When the new year of 2021 arrived, people around the globe were understandably thankful to put 2020 behind them. Yet, as I wrote in a column welcoming in the new year, many of the issues that wore us out in 2020 would continue to dominate the news.

That’s certainly the case at the moment, with stories of vaccines and easing restrictions dominating the news. But the dominance of pandemic-related stories may be coming to an end. The success of vaccines and growing access have convinced millions that that end is in sight. Polling I conducted last week found that, for the first time ever, a plurality of voters believes the worst of the pandemic is behind us. Thirty-nine percent (39%) hold that optimistic view while 31% still fear that the worst is yet to come. As vaccination increases, it seems likely that concern about the pandemic will continue to fall.
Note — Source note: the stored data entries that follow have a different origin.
lemma thread_upd_in_eps_class:
  assumes s: "s \<in> eps_class D" and vs: "set vs \<subseteq> ccarrier D"
  shows "thread_upd s vs \<in> eps_class D"
  using s vs thread_eq_trans[OF _ thread_eq_thread_upd] thread_upd_in_funcset
  unfolding eps_class_def by blast

text \<open>By (C4), the LEAST in the definition of phi may be replaced by any bound beyond
  which the thread agrees with the constants.\<close>
lemma phi_eq_cq:
  assumes D: "clone_algebra D" and c: "c \<in> ccarrier D" and s: "s \<in> eps_class D"
    and K: "\<forall>i\<ge>K. s i = ce D i"
  shows "phi D c s = cq D c (map s [0..<K])"
proof -
  define n where "n = (LEAST n. \<forall>i\<ge>n. s i = ce D i)"
  have tail: "\<forall>i\<ge>n. s i = ce D i" unfolding n_def using K by (rule LeastI)
  have "n \<le> K" unfolding n_def using K by (rule Least_le)
  then consider "n = K" | "n < K" by linarith
  then show ?thesis
  proof cases
    case 2
    have "cq D c (map s [0..<n]) = cq D c (map s [0..<n] @ map (ce D) [n..<K])"
      using clone_algebra_cq_pad[OF D c, of "map s [0..<n]" K] eps_class_carrier[OF s] 2
      by (simp add: image_subset_iff)
    also have "map (ce D) [n..<K] = map s [n..<K]"
      using tail by simp
    also have "map s [0..<n] @ map s [n..<K] = map s [0..<K]"
      using upt_add_eq_append[of 0 n "K - n"] 2 by simp
    finally show ?thesis by (simp add: phi_def n_def[symmetric])
  qed (simp add: phi_def n_def)
qed

lemma phi_ce_thread: "clone_algebra D \<Longrightarrow> c \<in> ccarrier D \<Longrightarrow> phi D c (ce D) = c"
  unfolding phi_def by (rule clone_algebra_cq_ce)

lemma phi_in_carrier:
  "clone_algebra D \<Longrightarrow> c \<in> ccarrier D \<Longrightarrow> s \<in> eps_class D \<Longrightarrow> phi D c s \<in> ccarrier D"
  unfolding phi_def using eps_class_carrier by (auto intro!: clone_algebra_cq)

lemma phi_ce:
  assumes D: "clone_algebra D" and s: "s \<in> eps_class D"
  shows "phi D (ce D i) s = s i"
proof -
  obtain K where K: "\<forall>i\<ge>K. s i = ce D i" using eps_class_eventually_ce[OF s] by blast
  then have K': "\<forall>j\<ge>max K (Suc i). s j = ce D j" by simp
  have "phi D (ce D i) s = cq D (ce D i) (map s [0..<max K (Suc i)])"
    by (rule phi_eq_cq[OF D clone_algebra_ce[OF D] s K'])
  also have "\<dots> = s i"
    using clone_algebra_proj[OF D, of "map s [0..<max K (Suc i)]" i] eps_class_carrier[OF s]
    by (simp add: image_subset_iff)
  finally show ?thesis .
qed

lemma phi_thread_upd:
  assumes D: "clone_algebra D" and c: "c \<in> ccarrier D" and ds: "set ds \<subseteq> ccarrier D"
    and s: "s \<in> eps_class D"
  shows "phi D c (thread_upd s (map (\<lambda>d. phi D d s) ds)) = phi D (cq D c ds) s"
proof -
  obtain K0 where K0: "\<forall>i\<ge>K0. s i = ce D i" using eps_class_eventually_ce[OF s] by blast
  define K where "K = Suc (max K0 (length ds))"
  have K: "\<forall>i\<ge>K. s i = ce D i" and len: "length ds < K"
    using K0 by (simp_all add: K_def)
  define zs where "zs = map s [0..<K]"
  have zs: "set zs \<subseteq> ccarrier D" and len_zs: "length zs = K"
    using eps_class_carrier[OF s] by (auto simp: zs_def)
  define ds' where "ds' = ds @ map (ce D) [length ds..<K]"
  have ds': "set ds' \<subseteq> ccarrier D" and len_ds': "length ds' = K"
    using ds clone_algebra_ce[OF D] len by (auto simp: ds'_def)
  define t where "t = thread_upd s (map (\<lambda>d. phi D d s) ds)"
  have t: "t \<in> eps_class D"
    unfolding t_def using ds phi_in_carrier[OF D _ s]
    by (intro thread_upd_in_eps_class[OF s]) auto
  have t_tail: "\<forall>i\<ge>K. t i = ce D i" using K len by (simp add: t_def thread_upd_def)
  have t_init: "map t [0..<K] = map (\<lambda>y. cq D y zs) ds'"
  proof (rule nth_equalityI)
    fix i assume "i < length (map t [0..<K])"
    then have i: "i < K" by simp
    show "map t [0..<K] ! i = map (\<lambda>y. cq D y zs) ds' ! i"
    proof (cases "i < length ds")
      case True
      then have "ds ! i \<in> ccarrier D" using ds nth_mem by blast
      then show ?thesis
        using True i phi_eq_cq[OF D _ s K, of "ds ! i"]
        by (auto simp: t_def thread_upd_def ds'_def nth_append zs_def)
    next
      case False
      then show ?thesis
        using i clone_algebra_proj[OF D zs, of i] len_zs
        by (simp add: t_def thread_upd_def ds'_def nth_append zs_def)
    qed
  qed (simp add: len_ds')
  have "phi D c t = cq D c (map (\<lambda>y. cq D y zs) ds')"
    using phi_eq_cq[OF D c t t_tail] t_init by simp
  also have "\<dots> = cq D (cq D c ds') zs"
    using clone_algebra_cq_cq[OF D c ds' zs] len_ds' len_zs by simp
  also have "cq D c ds' = cq D c ds"
    unfolding ds'_def using clone_algebra_cq_pad[OF D c ds len] by simp
  also have "cq D (cq D c ds) zs = phi D (cq D c ds) s"
    unfolding zs_def using phi_eq_cq[OF D clone_algebra_cq[OF D c ds] s K] by simp
  finally show ?thesis unfolding t_def .
qed

lemma cq_restrict_phi:
  assumes D: "clone_algebra D" and c: "c \<in> ccarrier D" and ds: "set ds \<subseteq> ccarrier D"
  shows "cq (full_fclone (down D)) (restrict (phi D c) (eps_class D))
           (map (\<lambda>d. restrict (phi D d) (eps_class D)) ds)
         = restrict (phi D (cq D c ds)) (eps_class D)"
  unfolding full_fclone_simps down_simps
proof (rule restrict_ext)
  fix s assume s: "s \<in> eps_class D"
  have t: "thread_upd s (map (\<lambda>d. phi D d s) ds) \<in> eps_class D"
    using ds phi_in_carrier[OF D _ s] by (intro thread_upd_in_eps_class[OF s]) auto
  have m: "map (\<lambda>G. G s) (map (\<lambda>d. restrict (phi D d) (eps_class D)) ds) = map (\<lambda>d. phi D d s) ds"
    using s by simp
  show "restrict (phi D c) (eps_class D)
      (thread_upd s (map (\<lambda>G. G s) (map (\<lambda>d. restrict (phi D d) (eps_class D)) ds)))
    = phi D (cq D c ds) s"
    by (simp only: m restrict_apply'[OF t] phi_thread_upd[OF D c ds s])
qed

lemma clone_iso_up_down:
  assumes D: "clone_algebra D" and M: "minimal_clone D"
  shows "clone_iso D (up (down D)) (\<lambda>c. restrict (phi D c) (eps_class D))"
proof -
  let ?f = "\<lambda>c. restrict (phi D c) (eps_class D)"
  have hom: "?f (cq D x ys) = cq (full_fclone (down D)) (?f x) (map ?f ys)"
    if "x \<in> ccarrier D" "set ys \<subseteq> ccarrier D" for x ys
    using cq_restrict_phi[OF D that] by simp
  have ce: "?f (ce D i) = ce (full_fclone (down D)) i" for i
    using phi_ce[OF D] unfolding full_fclone_simps down_simps by (auto intro: restrict_ext)
  have cop: "?f (cop D \<sigma>) = cop (full_fclone (down D)) \<sigma>" for \<sigma>
    by (simp add: full_fclone_simps)
  have "?f ` clone_gen D = clone_gen (full_fclone (down D))"
    using hom clone_gen_subset_carrier[OF D] ce cop by (intro clone_gen_hom_image) (meson subsetD order_trans)
  moreover have "inj_on ?f (ccarrier D)"
  proof (rule inj_onI)
    fix x y assume "x \<in> ccarrier D" "y \<in> ccarrier D" and eq: "?f x = ?f y"
    have "phi D x (ce D) = phi D y (ce D)"
      using fun_cong[OF eq, of "ce D"] ce_in_eps_class[OF D] by simp
    then show "x = y"
      using phi_ce_thread[OF D] \<open>x \<in> ccarrier D\<close> \<open>y \<in> ccarrier D\<close> by simp
  qed
  ultimately show ?thesis
    using M hom ce cop unfolding clone_iso_def bij_betw_def minimal_clone_def by simp
qed

lemma clone_isomorphic_up_down:
  "clone_algebra D \<Longrightarrow> minimal_clone D \<Longrightarrow> clone_isomorphic (up (down D)) D"
  unfolding clone_isomorphic_def by (blast intro: clone_iso_inv_into clone_iso_up_down)

section \<open>Quotients\<close>

lemma some_in_equiv_class:
  assumes "equiv A r" and "a \<in> A"
  shows "((SOME x. x \<in> r``{a}), a) \<in> r"
proof -
  have "(SOME x. x \<in> r``{a}) \<in> r``{a}"
    using equiv_class_self[OF assms] by (rule someI)
  then show ?thesis using assms(1) by (auto elim: equivE sym_on_subset dest: symD)
qed

lemma cq_clone_quot:
  assumes C: "clone_congruence D \<phi>" and x: "x \<in> ccarrier D" and ys: "set ys \<subseteq> ccarrier D"
  shows "cq (clone_quot D \<phi>) (\<phi>``{x}) (map (\<lambda>y. \<phi>``{y}) ys) = \<phi>``{cq D x ys}"
proof -
  have E: "equiv (ccarrier D) \<phi>" using C by (simp add: clone_congruence_def)
  have "list_all2 (\<lambda>y y'. (y, y') \<in> \<phi>) (map (\<lambda>y. SOME y'. y' \<in> \<phi>``{y}) ys) ys"
    using ys nth_mem some_in_equiv_class[OF E] by (fastforce simp: list_all2_conv_all_nth)
  then have "(cq D (SOME x'. x' \<in> \<phi>``{x}) (map (\<lambda>y. SOME y'. y' \<in> \<phi>``{y}) ys), cq D x ys) \<in> \<phi>"
    using C some_in_equiv_class[OF E x] unfolding clone_congruence_def by blast
  then show ?thesis by (simp add: clone_quot_def comp_def equiv_class_eq[OF E])
qed

lemma clone_algebra_clone_quot:
  assumes D: "clone_algebra D" and C: "clone_congruence D \<phi>"
  shows "clone_algebra (clone_quot D \<phi>)"
proof (rule clone_algebra_hom_image[OF D, where f = "\<lambda>x. \<phi>``{x}"])
  show "(\<lambda>x. \<phi>``{x}) ` ccarrier D = ccarrier (clone_quot D \<phi>)"
    by (auto simp: clone_quot_def quotient_def)
next
  fix x ys assume "x \<in> ccarrier D" "set ys \<subseteq> ccarrier D"
  then show "\<phi>``{cq D x ys} = cq (clone_quot D \<phi>) (\<phi>``{x}) (map (\<lambda>y. \<phi>``{y}) ys)"
    by (simp add: cq_clone_quot[OF C])
qed (simp_all add: clone_quot_def)

lemma minimal_clone_quot:
  assumes D: "clone_algebra D" and M: "minimal_clone D" and C: "clone_congruence D \<phi>"
  shows "minimal_clone (clone_quot D \<phi>)"
proof -
  have "(\<lambda>x. \<phi>``{x}) ` clone_gen D = clone_gen (clone_quot D \<phi>)"
  proof (rule clone_gen_hom_image)
    fix x ys assume "x \<in> clone_gen D" "set ys \<subseteq> clone_gen D"
    then show "\<phi>``{cq D x ys} = cq (clone_quot D \<phi>) (\<phi>``{x}) (map (\<lambda>y. \<phi>``{y}) ys)"
      using clone_gen_subset_carrier[OF D] by (simp add: cq_clone_quot[OF C] subset_iff)
  qed (simp_all add: clone_quot_def)
  moreover have "ccarrier (clone_quot D \<phi>) = (\<lambda>x. \<phi>``{x}) ` ccarrier D"
    by (auto simp: clone_quot_def quotient_def)
  ultimately show ?thesis
    using M unfolding minimal_clone_def by simp
qed

section \<open>Functional clone algebras\<close>

lemma clone_algebra_clone_gen:
  assumes D: "clone_algebra D"
  shows "clone_algebra (D\<lparr>ccarrier := clone_gen D\<rparr>)"
proof -
  have sub: "clone_gen D \<subseteq> ccarrier D" by (rule clone_gen_subset_carrier[OF D])
  have "set ys \<subseteq> clone_gen D \<Longrightarrow> set ys \<subseteq> ccarrier D" for ys using sub by blast
  with sub D show ?thesis
    unfolding clone_algebra_def by (simp add: subset_iff clone_gen.intros)
qed

lemma thread_upd_in_trace:
  assumes A: "t_algebra A" and s: "s \<in> ttrace A" and vs: "set vs \<subseteq> tcarrier A"
  shows "thread_upd s vs \<in> ttrace A"
proof -
  have T: "is_trace (tcarrier A) (ttrace A)" using A by (simp add: t_algebra_def)
  then have "s \<in> UNIV \<rightarrow> tcarrier A" using s by (auto simp: is_trace_def)
  then have "thread_upd s vs \<in> UNIV \<rightarrow> tcarrier A" using vs by (rule thread_upd_in_funcset)
  then show ?thesis
    using T s thread_eq_thread_upd unfolding is_trace_def by blast
qed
That’s certainly something to celebrate, but there is another issue lingering from 2020 that hasn’t been resolved in any way. The growing awareness of racial inequality was brought to the fore by the killing of George Floyd. It led to protests around the nation concerning issues that can’t be fixed with a vaccine.

That reality was brought home by some other polling from last week. I asked 1,200 registered voters nationwide how they would feel if they were alone and approached by a police officer. Among all voters, 67% said they would feel safe while 18% thought they would feel threatened. Most white (76%) and Hispanic (53%) voters said they would feel safe.

But the reaction from Black voters was starkly different. Forty-three percent (43%) of Black voters would feel threatened in that situation. Just 33% said they would feel safe.

Similar dynamics were found on other questions. By a 3-to-1 margin, voters nationwide believe that violent crime poses a greater threat to African Americans than police-involved shootings. But a plurality of Black voters disagree. By a 46% to 37% margin, Black voters say that police-involved shootings pose a greater threat. That discrepancy probably stems from the fact that Black voters perceive a lesser threat from violent crime and a greater threat from police-involved shootings.

Not only that, 79% of white voters have a favorable opinion of their local police officers. So do 71% of Hispanic voters. But only 51% of Black voters share that view.

You don’t have to believe that America is an inherently racist nation to see a problem with these numbers and the attitudes they represent. You can — and should — disagree with the 11% who think our nation was founded on principles of white supremacy and discrimination while still being troubled about the enormous gap between the views of Black Americans and the rest of the nation.

Unlike the pandemic, there is nothing the pharmaceutical companies can do to address this problem by year end. And there are no government policies or programs that will magically put this issue behind us before the next election or two. Instead, this is something the American people need to work on in their daily lives for the next generation or two.

Fortunately, while there are no magical fixes available, there are some encouraging signs.

On the important question of how to get from here to there, my latest polling found another piece of common ground. When it comes to making important decisions affecting people you care about and your community 70% of all voters trust everyday Americans more than political and economic leaders. That view is held by 70% of Black voters as well.

To the degree that the struggle for racial equality is a battle for the hearts and minds of the American people, the battle has largely been won. There is obviously a lot more work to be done in terms of translating the belief in equality to the reality of equality in day-to-day life. That is the challenge for our time. It is an essential part of the larger effort to move our nation ever closer to living up to its noble founding ideals.

Scott Rasmussen is an American political analyst and digital media entrepreneur. He is the author of “The Sun is Still Rising: Politics Has Failed But America Will Not.”